**TASK DESCRIPTION:** Go through the data below and return each line containing the word "alpha".

------ PROVIDED DATA

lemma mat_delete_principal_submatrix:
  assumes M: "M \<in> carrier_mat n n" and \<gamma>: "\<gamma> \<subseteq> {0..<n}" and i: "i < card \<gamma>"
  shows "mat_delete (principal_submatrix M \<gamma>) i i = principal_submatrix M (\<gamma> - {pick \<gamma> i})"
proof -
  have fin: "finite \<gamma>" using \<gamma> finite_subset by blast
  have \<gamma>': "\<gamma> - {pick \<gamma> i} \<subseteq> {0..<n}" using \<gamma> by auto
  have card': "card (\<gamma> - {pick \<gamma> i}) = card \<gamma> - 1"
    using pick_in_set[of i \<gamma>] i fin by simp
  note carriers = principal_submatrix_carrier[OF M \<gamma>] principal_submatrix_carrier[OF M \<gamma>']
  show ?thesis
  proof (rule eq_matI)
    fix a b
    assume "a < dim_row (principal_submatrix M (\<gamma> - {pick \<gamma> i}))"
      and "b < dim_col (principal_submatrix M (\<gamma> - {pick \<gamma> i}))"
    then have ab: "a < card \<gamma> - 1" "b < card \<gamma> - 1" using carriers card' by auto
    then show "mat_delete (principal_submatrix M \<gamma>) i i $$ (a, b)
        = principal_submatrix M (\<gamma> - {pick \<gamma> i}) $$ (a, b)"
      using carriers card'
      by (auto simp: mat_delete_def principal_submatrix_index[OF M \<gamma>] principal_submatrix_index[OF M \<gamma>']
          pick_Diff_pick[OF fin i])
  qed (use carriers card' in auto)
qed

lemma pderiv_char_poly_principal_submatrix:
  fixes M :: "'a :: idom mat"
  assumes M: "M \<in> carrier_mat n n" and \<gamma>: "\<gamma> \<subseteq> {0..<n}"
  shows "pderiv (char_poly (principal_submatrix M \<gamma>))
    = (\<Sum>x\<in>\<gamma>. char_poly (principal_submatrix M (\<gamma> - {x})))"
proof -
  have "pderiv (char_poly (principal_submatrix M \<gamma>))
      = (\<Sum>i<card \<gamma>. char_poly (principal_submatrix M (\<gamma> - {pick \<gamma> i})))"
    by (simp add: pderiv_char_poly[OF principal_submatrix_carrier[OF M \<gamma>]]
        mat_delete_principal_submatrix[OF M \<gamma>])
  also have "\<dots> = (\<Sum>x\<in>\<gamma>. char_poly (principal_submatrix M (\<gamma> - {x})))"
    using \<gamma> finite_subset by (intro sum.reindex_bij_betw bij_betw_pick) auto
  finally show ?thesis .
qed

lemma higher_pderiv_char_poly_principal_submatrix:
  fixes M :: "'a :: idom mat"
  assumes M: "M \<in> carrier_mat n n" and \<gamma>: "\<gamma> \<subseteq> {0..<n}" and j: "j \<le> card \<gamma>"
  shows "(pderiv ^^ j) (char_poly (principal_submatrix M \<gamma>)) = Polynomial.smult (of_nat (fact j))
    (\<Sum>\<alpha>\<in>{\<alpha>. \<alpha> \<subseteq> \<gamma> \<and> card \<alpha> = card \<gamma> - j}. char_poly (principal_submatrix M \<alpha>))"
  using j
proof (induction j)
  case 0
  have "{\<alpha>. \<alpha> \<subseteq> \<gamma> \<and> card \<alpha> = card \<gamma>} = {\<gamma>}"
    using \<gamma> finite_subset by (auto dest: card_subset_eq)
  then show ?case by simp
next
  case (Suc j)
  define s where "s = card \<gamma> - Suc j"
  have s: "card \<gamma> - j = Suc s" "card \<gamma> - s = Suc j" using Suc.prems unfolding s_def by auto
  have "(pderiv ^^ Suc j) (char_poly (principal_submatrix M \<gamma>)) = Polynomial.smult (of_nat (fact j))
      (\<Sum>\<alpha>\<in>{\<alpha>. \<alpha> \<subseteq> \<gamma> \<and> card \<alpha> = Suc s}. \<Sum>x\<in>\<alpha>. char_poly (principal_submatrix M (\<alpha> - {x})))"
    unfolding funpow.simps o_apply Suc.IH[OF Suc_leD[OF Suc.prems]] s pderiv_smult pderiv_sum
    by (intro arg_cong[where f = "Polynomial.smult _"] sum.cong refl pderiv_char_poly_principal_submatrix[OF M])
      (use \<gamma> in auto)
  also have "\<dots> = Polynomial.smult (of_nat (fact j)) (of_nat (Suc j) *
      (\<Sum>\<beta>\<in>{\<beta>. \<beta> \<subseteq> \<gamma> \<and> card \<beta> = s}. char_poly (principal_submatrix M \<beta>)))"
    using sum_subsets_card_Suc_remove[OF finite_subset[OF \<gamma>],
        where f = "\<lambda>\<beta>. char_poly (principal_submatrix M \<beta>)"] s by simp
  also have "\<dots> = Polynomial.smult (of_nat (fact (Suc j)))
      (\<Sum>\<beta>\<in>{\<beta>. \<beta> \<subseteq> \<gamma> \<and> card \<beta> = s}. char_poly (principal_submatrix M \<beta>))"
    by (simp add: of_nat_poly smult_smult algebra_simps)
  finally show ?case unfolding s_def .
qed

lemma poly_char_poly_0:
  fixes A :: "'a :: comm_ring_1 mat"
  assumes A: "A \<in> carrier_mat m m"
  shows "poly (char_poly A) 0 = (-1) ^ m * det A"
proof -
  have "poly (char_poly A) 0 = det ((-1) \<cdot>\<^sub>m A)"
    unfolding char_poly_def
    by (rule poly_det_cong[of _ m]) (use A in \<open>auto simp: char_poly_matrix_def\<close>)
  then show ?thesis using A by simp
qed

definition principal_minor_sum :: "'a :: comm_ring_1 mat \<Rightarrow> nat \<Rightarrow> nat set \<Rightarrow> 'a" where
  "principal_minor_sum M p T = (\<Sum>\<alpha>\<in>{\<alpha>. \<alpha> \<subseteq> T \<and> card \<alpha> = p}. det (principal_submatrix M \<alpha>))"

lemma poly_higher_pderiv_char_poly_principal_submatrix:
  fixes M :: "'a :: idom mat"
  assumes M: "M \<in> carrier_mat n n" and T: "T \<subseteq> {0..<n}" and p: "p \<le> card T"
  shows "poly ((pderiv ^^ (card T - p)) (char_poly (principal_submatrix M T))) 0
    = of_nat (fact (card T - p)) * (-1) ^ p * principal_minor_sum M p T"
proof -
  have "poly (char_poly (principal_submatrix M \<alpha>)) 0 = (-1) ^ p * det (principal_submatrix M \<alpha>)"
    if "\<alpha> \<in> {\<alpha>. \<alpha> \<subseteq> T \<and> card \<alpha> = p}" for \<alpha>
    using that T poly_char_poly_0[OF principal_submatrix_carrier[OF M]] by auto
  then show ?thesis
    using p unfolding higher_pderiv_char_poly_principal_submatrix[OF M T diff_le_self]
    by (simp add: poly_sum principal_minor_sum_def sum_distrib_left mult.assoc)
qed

------------

**TASK OUTPUT:**
    (\<Sum>\<alpha>\<in>{\<alpha>. \<alpha> \<subseteq> \<gamma> \<and> card \<alpha> = card \<gamma> - j}. char_poly (principal_submatrix M \<alpha>))"
  have "{\<alpha>. \<alpha> \<subseteq> \<gamma> \<and> card \<alpha> = card \<gamma>} = {\<gamma>}"
      (\<Sum>\<alpha>\<in>{\<alpha>. \<alpha> \<subseteq> \<gamma> \<and> card \<alpha> = Suc s}. \<Sum>x\<in>\<alpha>. char_poly (principal_submatrix M (\<alpha> - {x})))"
  "principal_minor_sum M p T = (\<Sum>\<alpha>\<in>{\<alpha>. \<alpha> \<subseteq> T \<and> card \<alpha> = p}. det (principal_submatrix M \<alpha>))"
  have "poly (char_poly (principal_submatrix M \<alpha>)) 0 = (-1) ^ p * det (principal_submatrix M \<alpha>)"
    if "\<alpha> \<in> {\<alpha>. \<alpha> \<subseteq> T \<and> card \<alpha> = p}" for \<alpha>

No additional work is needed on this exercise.